Hi Richard,
There are two ways that I get info into a page in Dancer/2.
The first is to use an Ajax call, something like this:
$("#llinktoclick").click(function(event) {
var DoggyName = $('#DoggyName').val();
event.preventDefault(); // Important to ensure the link doesn't get submitted.
$.ajax({
method: "POST",
url: "/getDoggyDetails",
data: { Doggy: DoggyName } // Optional, will be sent through as POST data ( ie. params->{'Doggy'} ),
// you can also use the route, by doing url: "/getDoggyDetails" + '/' + DoggyName , instead
})
.done(function( msg ) {
// Do something here like clear and append a status box.
$('#ResponseText').empty(); // clear
$('#ResponseText').append(msg); // append the return value from your POST call
});
});
Then in your .pm file:
post '/getDoggyDetails' => sub {
my $params = request->params;
my $doggyName = $params->{'Doggy'} || "Not entered"; # the || stops uninitialised value warnings in perl.

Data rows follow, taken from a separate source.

lemma complement_first_moment:
  assumes B: "B \<in> sets borel"
  shows "ennreal (K 0) * (\<integral>\<^sup>+ p. pcount (snd p) B \<partial>J) = (\<integral>\<^sup>+ z\<in>B. (K z)\<^sup>2 \<partial>lborel)"
proof -
  let ?\<mu> = "density lborel (\<lambda>z. ennreal ((K z)\<^sup>2))"
  have density: "(\<integral>\<^sup>+ z\<in>Y. (K z)\<^sup>2 \<partial>lborel) = emeasure ?\<mu> Y" if "Y \<in> sets borel" for Y
    using that K_measurable by (subst emeasure_density) auto
  have B_n: "B \<inter> ball 0 (real n) \<in> sets borel" "bounded (B \<inter> ball 0 (real n))" for n
    using B by auto
  have "ennreal (K 0) * (\<integral>\<^sup>+ p. pcount (snd p) B \<partial>J)
      = (SUP n::nat. ennreal (K 0) * (\<integral>\<^sup>+ p. pcount (snd p) (B \<inter> ball 0 (real n)) \<partial>J))"
    using B measurable_fst_snd by (simp add: nn_integral_pcount_SUP_ball SUP_mult_left_ennreal)
  also have "\<dots> = (SUP n::nat. emeasure ?\<mu> (B \<inter> ball 0 (real n)))"
    by (simp add: complement_first_moment_bounded[OF B_n] density[OF B_n(1)])
  also have "\<dots> = emeasure ?\<mu> (\<Union>n. B \<inter> ball 0 (real n))"
    using B by (intro SUP_emeasure_incseq) (auto simp: incseq_def)
  also have "(\<Union>n. B \<inter> ball 0 (real n)) = B"
    by (auto intro: reals_Archimedean2)
  finally show ?thesis
    using B by (simp add: density)
qed

end

lemma distributed_emeasure_normalized_density:
  fixes h :: "'a::euclidean_space \<Rightarrow> real"
  assumes M: "prob_space M" and X: "distributed M lborel X (\<lambda>x. ennreal (h x / (\<integral>y. h y \<partial>lborel)))"
    and h_int: "integrable lborel h" and h_nonneg: "\<forall>x. 0 \<le> h x" and h: "h \<in> borel_measurable borel"
    and Y: "Y \<in> sets borel"
  shows "emeasure M (X -` Y \<inter> space M) = (\<integral>\<^sup>+ z\<in>Y. h z \<partial>lborel) / (\<integral>\<^sup>+ z. h z \<partial>lborel)"
proof -
  define c where "c = (\<integral>y. h y \<partial>lborel)"
  have law: "emeasure M (X -` A \<inter> space M) = (\<integral>\<^sup>+ z\<in>A. h z / c \<partial>lborel)" if "A \<in> sets borel" for A
    using distributed_emeasure[OF X, of A] that by (simp add: c_def)
  have "c \<noteq> 0"
    using law[of UNIV] prob_space.emeasure_space_1[OF M] by auto
  moreover have "c \<ge> 0"
    unfolding c_def using h_nonneg by (intro integral_nonneg_AE) auto
  ultimately have c_pos: "c > 0"
    by simp
  have "(\<integral>\<^sup>+ z\<in>Y. h z / c \<partial>lborel) = (\<integral>\<^sup>+ z. ennreal (h z) * indicator Y z / ennreal c \<partial>lborel)"
    using c_pos h_nonneg by (intro nn_integral_cong) (simp add: divide_ennreal indicator_def)
  also have "\<dots> = (\<integral>\<^sup>+ z\<in>Y. h z \<partial>lborel) / ennreal c"
    by (rule nn_integral_divide) (use Y h in measurable)
  also have "ennreal c = (\<integral>\<^sup>+ z. h z \<partial>lborel)"
    unfolding c_def using h_int h_nonneg by (simp add: nn_integral_eq_integral)
  finally show ?thesis
    using law[OF Y] by simp
qed

theorem lemma3p1:
  fixes K :: "'a::euclidean_space \<Rightarrow> real"
    and P Q :: "'a set measure"
    and J :: "('a set \<times> 'a set) measure"
    and M :: "'m measure" and X :: "'m \<Rightarrow> 'a"
    and B :: "'a set"
  assumes K_cont: "continuous_on UNIV K"
    and K_L2: "integrable lborel (\<lambda>x. (K x)\<^sup>2)"
    and K_sym: "\<forall>x. K (- x) = K x"
    and K_pos: "K 0 > 0"
    and K_fourier: "\<exists>g. L2_fourier K g \<and> (\<forall>\<xi>. 0 \<le> g \<xi> \<and> g \<xi> < 1)"
    and Phi: "dpp P (\<lambda>x y. K (x - y))"
    and Palm: "reduced_palm P Q"
    and J_prob: "prob_space J"
    and J_sets: "sets J = sets (configs \<Otimes>\<^sub>M configs)"
    and J_fst: "distr J configs fst = Q"
    and J_disj: "AE p in J. fst p \<inter> snd p = {}"
    and J_union: "distr J configs (\<lambda>p. fst p \<union> snd p) = P"
    and M_prob: "prob_space M"
    and X_distr: "distributed M lborel X (\<lambda>x. ennreal ((K x)\<^sup>2 / (\<integral>y. (K y)\<^sup>2 \<partial>lborel)))"
    and B_borel: "B \<in> sets borel"
  shows "emeasure M (X -` B \<inter> space M)
           = (\<integral>\<^sup>+ p. pcount (snd p) B \<partial>J) / (\<integral>\<^sup>+ p. pcount (snd p) UNIV \<partial>J)"
proof -
  interpret stationary_dpp_palm_decomposition K P Q J
    using K_cont K_sym K_pos Phi Palm J_sets J_fst J_disj J_union
    by unfold_locales (auto intro: borel_measurable_continuous_onI)
  have K_sq: "(\<lambda>x. (K x)\<^sup>2) \<in> borel_measurable borel"
    using K_measurable by measurable
  have "emeasure M (X -` B \<inter> space M) = (\<integral>\<^sup>+ z\<in>B. (K z)\<^sup>2 \<partial>lborel) / (\<integral>\<^sup>+ z\<in>UNIV. (K z)\<^sup>2 \<partial>lborel)"
    using distributed_emeasure_normalized_density[OF M_prob X_distr K_L2 _ K_sq B_borel] by simp
  also have "\<dots> = (ennreal (K 0) * (\<integral>\<^sup>+ p. pcount (snd p) B \<partial>J))
      / (ennreal (K 0) * (\<integral>\<^sup>+ p. pcount (snd p) UNIV \<partial>J))"
    by (simp only: complement_first_moment[OF B_borel] complement_first_moment[OF sets.top[of borel, unfolded space_borel]])
  also have "\<dots> = (\<integral>\<^sup>+ p. pcount (snd p) B \<partial>J) / (\<integral>\<^sup>+ p. pcount (snd p) UNIV \<partial>J)"
    using K_pos by (intro ennreal_mult_divide_mult_cancel) auto
  finally show ?thesis .
qed
(* Let $\alpha,\beta>0$, $f$ as in the context, and $\zeta,\xi:\mathbb{R}_+\to\mathbb{R}$ continuous. Let $(\underline{\mathbf{W}},\underline{\mathbf{Q}})$ and $(\overline{\mathbf{W}},\overline{\mathbf{Q}})$, with all components in $\mathscr{C}^1([0,+\infty),\mathbb{R})$, be respectively a subsolution and a supersolution of the asymptotic system for $t>0$ and integers $j\in[\zeta(t),\xi(t)]$, i.e. for such $t,j$: $$\overline{W}_j'\ge-2\alpha\overline{W}_j+\beta(\overline{Q}_j+\overline{Q}_{j+1}),\quad \overline{Q}_j'\ge f(\overline{Q}_j)+\alpha(\overline{W}_j+\overline{W}_{j-1})-2\beta\overline{Q}_j,$$ and the same with all inequalities reversed for $(\underline{\mathbf{W}},\underline{\mathbf{Q}})$. Assume $\underline{W}_j(0)\le\overline{W}_j(0)$ and $\underline{Q}_j(0)\le\overline{Q}_j(0)$ for all integers $\zeta(0)-1\le j\le\xi(0)+1$, and $\underline{W}_j(t)\le\overline{W}_j(t)$, $\underline{Q}_j(t)\le\overline{Q}_j(t)$ for all $t>0$ and integers $j\in[\zeta(t)-1,\zeta(t))\cup(\xi(t),\xi(t)+1]$. Then $\underline{W}_j(t)\le\overline{W}_j(t)$ and $\underline{Q}_j(t)\le\overline{Q}_j(t)$ for all $t>0$ and integers $\zeta(t)\le j\le\xi(t)$.
   Context: $f\in\mathscr{C}^1([0,1])$ satisfies $f(0)=f(1)=0$ and $0<f(u)\le f'(0)u$ for $u\in(0,1)$, extended to a locally Lipschitz function on $\mathbb{R}$ negative on $\mathbb{R}\setminus[0,1]$. *)

theory Defs
  imports "HOL-Analysis.Analysis"
begin

definition admissible_f :: "(real \<Rightarrow> real) \<Rightarrow> bool" where
  "admissible_f f \<longleftrightarrow>
     (\<exists>f'. (\<forall>x\<in>{0..1}. (f has_real_derivative f' x) (at x within {0..1}))
          \<and> continuous_on {0..1} f'
          \<and> f 0 = 0 \<and> f 1 = 0
          \<and> (\<forall>u\<in>{0<..<1}. 0 < f u \<and> f u \<le> f' 0 * u))
   \<and> (\<forall>x. \<exists>U L. open U \<and> x \<in> U \<and> L-lipschitz_on U f)
   \<and> (\<forall>u. u \<notin> {0..1} \<longrightarrow> f u < 0)"

end

theory Submission
  imports Defs
begin
(* Consider any economy $\mathcal{E}$ (as in the context) such that either (1) in every state, all firms have the same ranking of workers (firms have possibly state-specific assortative preferences), or (2) $\mathcal{E}$ satisfies the SPC*. Then, considering Bayesian Nash equilibria in which firms report truthfully, $\mathcal{E}$ has a unique BNE outcome, namely the one that yields in each state $\theta$ the unique stable matching (for the true preferences) of $\mathcal{M}(\theta)$.
   Context: Matching market: $\mathcal{M}=(F,W,U)$ with finite firms $F=\{f_i\}_{i\in[m]}$, finite workers $W=\{w_j\}_{j\in[n]}$, utilities $u^f_{ij}$ of firm $f_i$ from worker $w_j$ and $u^w_{ij}$ of worker $w_j$ from firm $f_i$; unmatched utility is $0$; all preferences strict; all pairs mutually acceptable (all match utilities $>0$). An economy is $\mathcal{E}=(F,W,\{U(\theta)\}_{\theta\in\Theta},\Theta,\Psi)$ with finite $\Theta$, full-support prior $\Psi$, market $\mathcal{M}(\theta)=(F,W,U(\theta))$ in state $\theta$; workers' utilities are state-independent, firms' may depend on $\theta$. Standing assumption: each $\mathcal{M}(\theta)$ has a unique stable matching. Game: $\theta$ drawn by $\Psi$; firms observe $\theta$; each worker knows only his own preferences; all simultaneously submit rank-ordered lists of acceptable partners; firm-proposing Deferred Acceptance is run on the reports. Firms report truthfully; a worker's strategy is one rank-ordered list; a BNE is a profile where each worker's list maximizes his expected utility under $\Psi$. The outcome of a BNE is the matching produced in each state. Sub-market of $(F,W,U)$: $(F',W',U')$ with $F'\subseteq F$, $W'\subseteq W$, $U'$ the restriction of $U$. $(f,w)$ is a top-top match of a sub-market if $w$ is $f$'s favorite worker in it and $f$ is $w$'s favorite firm in it. A market satisfies the Sequential Preference Condition (SPC) if there are orderings $f_1,\dots,f_m$ of the firms and $w_1,\dots,w_n$ of the workers such that for each $i\le\min(m,n)$, $(f_i,w_i)$ is a top-top match of the sub-market induced by $\{f_j,w_j\}_{j\ge i}$; $(f_i,w_i)$ and its agents are said to have order $i$. An economy satisfies the SPC if each $\mathcal{M}(\theta)$ does, with possibly state-specific orderings $f_{1|\theta},\dots,f_{m|\theta}$ and $w_{1|\theta},\dots,w_{n|\theta}$. An economy satisfies the SPC* if it satisfies the SPC and for every state $\theta$, every $i\le\min(m,n)$ and every firm $f$: if $w_{i|\theta}$ strictly prefers $f$ to $f_{i|\theta}$, then for every state $\theta'$ there is $i'<i$ (possibly depending on $\theta'$) with $f=f_{i'|\theta'}$. *)

theory Defs
  imports Complex_Main
begin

return "Please enter a doggy name" if $doggyName eq "Not entered";
# DO stuff here with $doggyName etc...
return "This is the completion message to tell you it is all done";
};
The second way, which is probably what you are more interested in, is to pass it directly from the route. With mysql you can probably do a straight fetchallhashref and then pass the response directly to the page, then iterate through the values with template toolkit.
With your route in the Dancer pm file:
any [ 'get', 'post' ] => '/pagetoLoad' => sub {
my $sql = "SELECT * FROM Doggies";
# mysql connection stuff etc...
# Put it into a hashref
# my $doggieRef = $sth->fetchall_hashref(['ID','DoggyTagID'])); # Double attribute version, not common
my $doggieRef = $sth->fetchall_hashref('ID'); # Normal, single attribute version
# The Ref should contain things like $doggieRef->{'1'}{'Name'} = "Rover"; because of the way we are iterating it through with Template Toolkit.
# I would also recommend Data::Dumper to see the contents of your query
my $dumperDoggieText = Dumper($doggieRef);
print "Doggy text from sql query is: $dumperDoggieText\n";
# And, the other important part, sending it to the page.
template 'templateName.tt', {
'Doggies' => $doggieRef, # Make sure 'Doggies' here is what you will iterate through on the page
'Testing' => "This is text to test to make sure this will come through", # to test, use this like <% Testing %> on your template page
}, {};
};
Then using Template Toolkit, in your template file, you can do something like:
<% FOREACH id IN Doggies.keys %>
<% Doggies.$id.Name %>
<% END %>
And also do our little test just to make sure values are coming through.
<% Testing %>
Which should print out: "This is text to test to make sure this will come through" (without the quotes)
In the end Template Toolkit can be a bit confusing with Hashes but it does support Perl hashes very well and also nested attributes, (hashes of hashes etc...).
I don't have a complete '"working example" on hand but if there is anything confusing just let me know and if anyone else sees anything blatantly wrong, please shout out.